__INSTRUCTIONS TO FOLLOW__.
Word for word, restate the entries that follow.

__ENTRIES SHOWN__.
lemma pgraph_example: "pgraph Z2 N2 example"
  unfolding pgraph_def
proof (intro conjI)
  show "small_cat example"
    unfolding small_cat_def using ex_comp_composable ex_comp_assoc by simp
  show "countable (pmor example)"
    by simp
  show "\<forall>x\<in>pmor example. pdeg example x \<in> N2"
    unfolding nonneg_image_def using ex_deg_nonneg by auto
  show "\<forall>v\<in>pobj example. pdeg example v = \<one>\<^bsub>Z2\<^esub>"
    unfolding pobj_def using ex_deg_eq_0_iff ex_rng_eq_self_iff by auto
  show "\<forall>x\<in>pmor example. \<forall>y\<in>pmor example. psrc example x = prng example y \<longrightarrow>
      pdeg example (pcomp example x y) = pdeg example x \<otimes>\<^bsub>Z2\<^esub> pdeg example y"
    using ex_comp_composable by auto
  show "\<forall>l\<in>pmor example. \<forall>p\<in>N2. \<forall>q\<in>N2. pdeg example l = p \<otimes>\<^bsub>Z2\<^esub> q \<longrightarrow>
      (\<exists>!(m, n). m \<in> pmor example \<and> n \<in> pmor example \<and> psrc example m = prng example n
        \<and> pcomp example m n = l \<and> pdeg example m = p \<and> pdeg example n = q)"
  proof (intro ballI impI)
    fix l p q
    assume "l \<in> pmor example" "p \<in> N2" "q \<in> N2" and deg: "pdeg example l = p \<otimes>\<^bsub>Z2\<^esub> q"
    then obtain l' :: example_mor and p' q' :: "int \<times> int" where l': "l = to_nat l'" and p': "p = to_nat p'" "0 \<le> p'"
      and q': "q = to_nat q'" "0 \<le> q'"
      unfolding nonneg_image_def by auto
    then have "ex_deg l' = p' + q'"
      using deg by simp
    then obtain m n where mn: "ex_src m = ex_rng n" "ex_comp m n = l'" "ex_deg m = p'" "ex_deg n = q'"
      using ex_factorisation_exists p'(2) q'(2) by blast
    show "\<exists>!(m, n). m \<in> pmor example \<and> n \<in> pmor example \<and> psrc example m = prng example n
        \<and> pcomp example m n = l \<and> pdeg example m = p \<and> pdeg example n = q"
    proof (rule ex1I[of _ "(to_nat m, to_nat n)"])
      show "case (to_nat m, to_nat n) of (m, n) \<Rightarrow> m \<in> pmor example \<and> n \<in> pmor example
          \<and> psrc example m = prng example n \<and> pcomp example m n = l
          \<and> pdeg example m = p \<and> pdeg example n = q"
        using mn l' p' q' by simp
    next
      fix z
      assume "case z of (m, n) \<Rightarrow> m \<in> pmor example \<and> n \<in> pmor example
          \<and> psrc example m = prng example n \<and> pcomp example m n = l
          \<and> pdeg example m = p \<and> pdeg example n = q"
      then obtain m' n' :: example_mor where "z = (to_nat m', to_nat n')" "ex_src m' = ex_rng n'"
        "ex_comp m' n' = l'" "ex_deg m' = p'" "ex_deg n' = q'"
        using l' p' q' by auto
      then show "z = (to_nat m, to_nat n)"
        using ex_factorisation_unique[OF mn(1,2)] mn(3,4) by auto
    qed
  qed
qed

__THE COMPLETED TASK__.
lemma pgraph_example: "pgraph Z2 N2 example"
  unfolding pgraph_def
proof (intro conjI)
  show "small_cat example"
    unfolding small_cat_def using ex_comp_composable ex_comp_assoc by simp
  show "countable (pmor example)"
    by simp
  show "\<forall>x\<in>pmor example. pdeg example x \<in> N2"
    unfolding nonneg_image_def using ex_deg_nonneg by auto
  show "\<forall>v\<in>pobj example. pdeg example v = \<one>\<^bsub>Z2\<^esub>"
    unfolding pobj_def using ex_deg_eq_0_iff ex_rng_eq_self_iff by auto
  show "\<forall>x\<in>pmor example. \<forall>y\<in>pmor example. psrc example x = prng example y \<longrightarrow>
      pdeg example (pcomp example x y) = pdeg example x \<otimes>\<^bsub>Z2\<^esub> pdeg example y"
    using ex_comp_composable by auto
  show "\<forall>l\<in>pmor example. \<forall>p\<in>N2. \<forall>q\<in>N2. pdeg example l = p \<otimes>\<^bsub>Z2\<^esub> q \<longrightarrow>
      (\<exists>!(m, n). m \<in> pmor example \<and> n \<in> pmor example \<and> psrc example m = prng example n
        \<and> pcomp example m n = l \<and> pdeg example m = p \<and> pdeg example n = q)"
  proof (intro ballI impI)
    fix l p q
    assume "l \<in> pmor example" "p \<in> N2" "q \<in> N2" and deg: "pdeg example l = p \<otimes>\<^bsub>Z2\<^esub> q"
    then obtain l' :: example_mor and p' q' :: "int \<times> int" where l': "l = to_nat l'" and p': "p = to_nat p'" "0 \<le> p'"
      and q': "q = to_nat q'" "0 \<le> q'"
      unfolding nonneg_image_def by auto
    then have "ex_deg l' = p' + q'"
      using deg by simp
    then obtain m n where mn: "ex_src m = ex_rng n" "ex_comp m n = l'" "ex_deg m = p'" "ex_deg n = q'"
      using ex_factorisation_exists p'(2) q'(2) by blast
    show "\<exists>!(m, n). m \<in> pmor example \<and> n \<in> pmor example \<and> psrc example m = prng example n
        \<and> pcomp example m n = l \<and> pdeg example m = p \<and> pdeg example n = q"
    proof (rule ex1I[of _ "(to_nat m, to_nat n)"])
      show "case (to_nat m, to_nat n) of (m, n) \<Rightarrow> m \<in> pmor example \<and> n \<in> pmor example
          \<and> psrc example m = prng example n \<and> pcomp example m n = l
          \<and> pdeg example m = p \<and> pdeg example n = q"
        using mn l' p' q' by simp
    next
      fix z
      assume "case z of (m, n) \<Rightarrow> m \<in> pmor example \<and> n \<in> pmor example
          \<and> psrc example m = prng example n \<and> pcomp example m n = l
          \<and> pdeg example m = p \<and> pdeg example n = q"
      then obtain m' n' :: example_mor where "z = (to_nat m', to_nat n')" "ex_src m' = ex_rng n'"
        "ex_comp m' n' = l'" "ex_deg m' = p'" "ex_deg n' = q'"
        using l' p' q' by auto
      then show "z = (to_nat m, to_nat n)"
        using ex_factorisation_unique[OF mn(1,2)] mn(3,4) by auto
    qed
  qed
qed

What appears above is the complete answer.